Please use this identifier to cite or link to this item: https://dipositint.ub.edu/dspace/handle/2445/202901
Title: Pediatric HIV care cascade in southern mozambique: Missed opportunities for early ART and re-engagement in care
Author: Fernández Luis, Sheila
Nhampossa, Tacilta
Fuente Soro, Laura
Augusto, Orvalho
Casellas, Aina
Bernardo, Edson
Ruperez, María
González, Raquel
Maculuve, Sónia Amós
Saura Lázaro, Anna
Menéndez, Clara
Naniche, Denise
López Varela, Elisa
Keywords: Infeccions per VIH
Infants
Moçambic
HIV infections
Children
Mozambique
Issue Date: May-2020
Publisher: Wolters Kluwer Health
Abstract: © 2020 Wolters Kluwer Health, Inc. All rights reserved. Background: There are 170,000 children living with HIV in 2017 in Mozambique. Scaling-up HIV care requires effective retention along the cascade. We sought to evaluate the pediatric cascade in HIV care at the Manhiça District Hospital. Methods: A prospective cohort of children <15 years was followed from enrollment in HIV care (January 2013 to December 2015) until December 2016. Loss to follow-up (LTFU) was defined as not attending the HIV hospital visits for ≥90 days following last visit attended. Results: From the 438 children included {median age at enrollment in care of 3,6 [interquartile range (IQR): 1.1-8.6] years}, 335 (76%) were antiretroviral therapy (ART) eligible and among those, 263 (78%) started ART at enrollment in HIV care. A total of 362 children initiated ART during the study period and the incidence rate of LTFU at 12, 24, and 36 months post-ART initiation was 41 [95% confidence interval (CI): 34-50], 34 (95% CI: 29-41), and 31 (95% CI: 27-37) per 100 children-years, respectively. Median time to LTFU was 5.8 (IQR: 1.4-12.7) months. Children 5-9 years of age had a lower risk of LTFU compared with children <1 year [adjusted subhazard ratio 0.36 (95% CI: 0.20-0.61)]. Re-engagement in care (RIC) was observed in 25% of the LTFU children. Conclusions: The high LTFU found in this study highlights the special attention that should be given to younger children during the first 6 months post-ART initiation to prevent LTFU. Once LTFU, only a quarter of those children return to the health unit. Elucidating factors associated with RIC could help to fine tune interventions which promote RIC.

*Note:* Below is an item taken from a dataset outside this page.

(* Let $\mathcal A$ be a well-structured abstract domain, and let monotone abstract operators $\llbracket e\rrbracket^\#:\mathcal A\to\mathcal A$ be given for each basic command $e$, extended inductively to all programs as described in the context. (1) If $\llbracket e\rrbracket^\#$ is a sound abstraction of $\llbracket e\rrbracket$ for every basic command $e$, then $\llbracket S\rrbracket^\#$ is a sound abstraction of $\llbracket S\rrbracket$ for every program $S$. (2) If $\llbracket e\rrbracket^\#$ is a complete abstraction of $\llbracket e\rrbracket$ for every basic command $e$, then $\llbracket S\rrbracket^\#$ is a complete abstraction of $\llbracket S\rrbracket$ for every program $S$.
   Context: Fix a finite set $V$ of quantum variables, each a qubit with state space $\mathcal H_q\cong\mathbb C^2$; for $W\subseteq V$, $\mathcal H_W=\bigotimes_{q\in W}\mathcal H_q$. Operators and subspaces on $\mathcal H_W$ are identified with their cylindrical extensions to $\mathcal H_V$, and a subspace is identified with its orthogonal projector; $P^\perp$ is the orthocomplement. $\mathcal D(\mathcal H_V)$ is the set of partial density operators (positive, trace $\le1$). Programs: $S::=\mathbf{skip}\mid \bar q:=|0\rangle\mid \bar q\mathrel{*{=}}U\mid \mathbf{assert}\ P[\bar q]\mid S_0;S_1\mid \mathbf{if}\ P[\bar q]\ \mathbf{then}\ S_1\ \mathbf{else}\ S_0\ \mathbf{end}\mid\mathbf{while}\ P[\bar q]\ \mathbf{do}\ S\ \mathbf{end}$, with $\bar q=q_1,\dots,q_t$ distinct variables, $U$ unitary on $\mathcal H_{\bar q}$, $P$ a subspace of $\mathcal H_{\bar q}$; the first four forms are the basic commands. Semantics $\llbracket S\rrbracket:\mathcal D(\mathcal H_V)\to\mathcal D(\mathcal H_V)$: $\llbracket\mathbf{skip}\rrbracket(\rho)=\rho$; $\llbracket\bar q:=|0\rangle\rrbracket(\rho)=\sum_{i=0}^{2^t-1}|0\rangle_{\bar q}\langle i|\rho|i\rangle_{\bar q}\langle0|$; $\llbracket\bar q\mathrel{*{=}}U\rrbracket(\rho)=U\rho U^\dagger$; $\llbracket\mathbf{assert}\ P[\bar q]\rrbracket(\rho)=P\rho P$; $\llbracket S_0;S_1\rrbracket=\llbracket S_1\rrbracket\circ\llbracket S_0\rrbracket$; $\llbracket\mathbf{if}\ P[\bar q]\ \mathbf{then}\ S_1\ \mathbf{else}\ S_0\ \mathbf{end}\rrbracket(\rho)=\llbracket\mathbf{assert}\ P[\bar q];S_1\rrbracket(\rho)+\llbracket\mathbf{assert}\ P^\perp[\bar q];S_0\rrbracket(\rho)$; $\llbracket\mathbf{while}\ P[\bar q]\ \mathbf{do}\ S\ \mathbf{end}\rrbracket(\rho)=\sum_{i\ge0}\llbracket(\mathbf{assert}\ P[\bar q];S)^i;\mathbf{assert}\ P^\perp[\bar q]\rrbracket(\rho)$, where $T^i$ is $i$-fold sequential composition ($T^0=\mathbf{skip}$). The concrete domain is $\mathcal Q=2^{\mathcal D(\mathcal H_V)}$ ordered by inclusion, and $\llbracket S\rrbracket(R)=\{\llbracket S\rrbracket(\rho):\rho\in R\}$. A pair of monotone maps $(\alpha,\gamma)$ between posets is a Galois connection if $c\le\gamma(a)\iff\alpha(c)\le a$, and a Galois embedding if moreover $\alpha\circ\gamma=\mathrm{id}$. A complete lattice $(\mathcal A,\le_{\mathcal A},\vee,\wedge,\bot,\top)$ with monotone $\alpha:\mathcal Q\to\mathcal A$, $\gamma:\mathcal A\to\mathcal Q$ is a well-structured abstract domain if (a) $(\alpha,\gamma)$ is a Galois embedding, and (b) for any family $\rho_i\in\mathcal D(\mathcal H_V)$ and reals $x_i>0$ with $\sum_i x_i\rho_i\in\mathcal D(\mathcal H_V)$, $\alpha(\sum_i x_i\rho_i)=\bigvee_i\alpha(\rho_i)$, where $\alpha(\rho)=\alpha(\{\rho\})$. For $f:\mathcal Q\to\mathcal Q$, an operator $f^\#:\mathcal A\to\mathcal A$ is a sound abstraction of $f$ if $\alpha(f(R))\le_{\mathcal A}f^\#(\alpha(R))$ for all $R\in\mathcal Q$, and a complete abstraction if equality holds for all $R$. Given monotone $\llbracket e\rrbracket^\#$ for basic commands $e$, the operators $\llbracket S\rrbracket^\#$ for composite programs are defined inductively: $\llbracket S_0;S_1\rrbracket^\#=\llbracket S_1\rrbracket^\#\circ\llbracket S_0\rrbracket^\#$; $\llbracket\mathbf{if}\ P[\bar q]\ \mathbf{then}\ S_1\ \mathbf{else}\ S_0\ \mathbf{end}\rrbracket^\#(a)=\llbracket\mathbf{assert}\ P[\bar q];S_1\rrbracket^\#(a)\vee\llbracket\mathbf{assert}\ P^\perp[\bar q];S_0\rrbracket^\#(a)$; $\llbracket\mathbf{while}\ P[\bar q]\ \mathbf{do}\ S\ \mathbf{end}\rrbracket^\#(a)=\bigvee_{i\ge0}\llbracket(\mathbf{assert}\ P[\bar q];S)^i;\mathbf{assert}\ P^\perp[\bar q]\rrbracket^\#(a)$. *)

theory Defs
  imports "HOL-Analysis.Infinite_Sum" "Jordan_Normal_Form.Schur_Decomposition"
begin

Note: Versió postprint del document publicat a: https://doi.org/10.1097/INF.0000000000002612
It is part of: Pediatric Infectious Disease Journal, 2020, vol. 39, num. 5, p. 429-434
URI: https://hdl.handle.net/2445/202901
Related resource: https://doi.org/10.1097/INF.0000000000002612
ISSN: 0891-3668
Appears in Collections:Articles publicats en revistes (ISGlobal)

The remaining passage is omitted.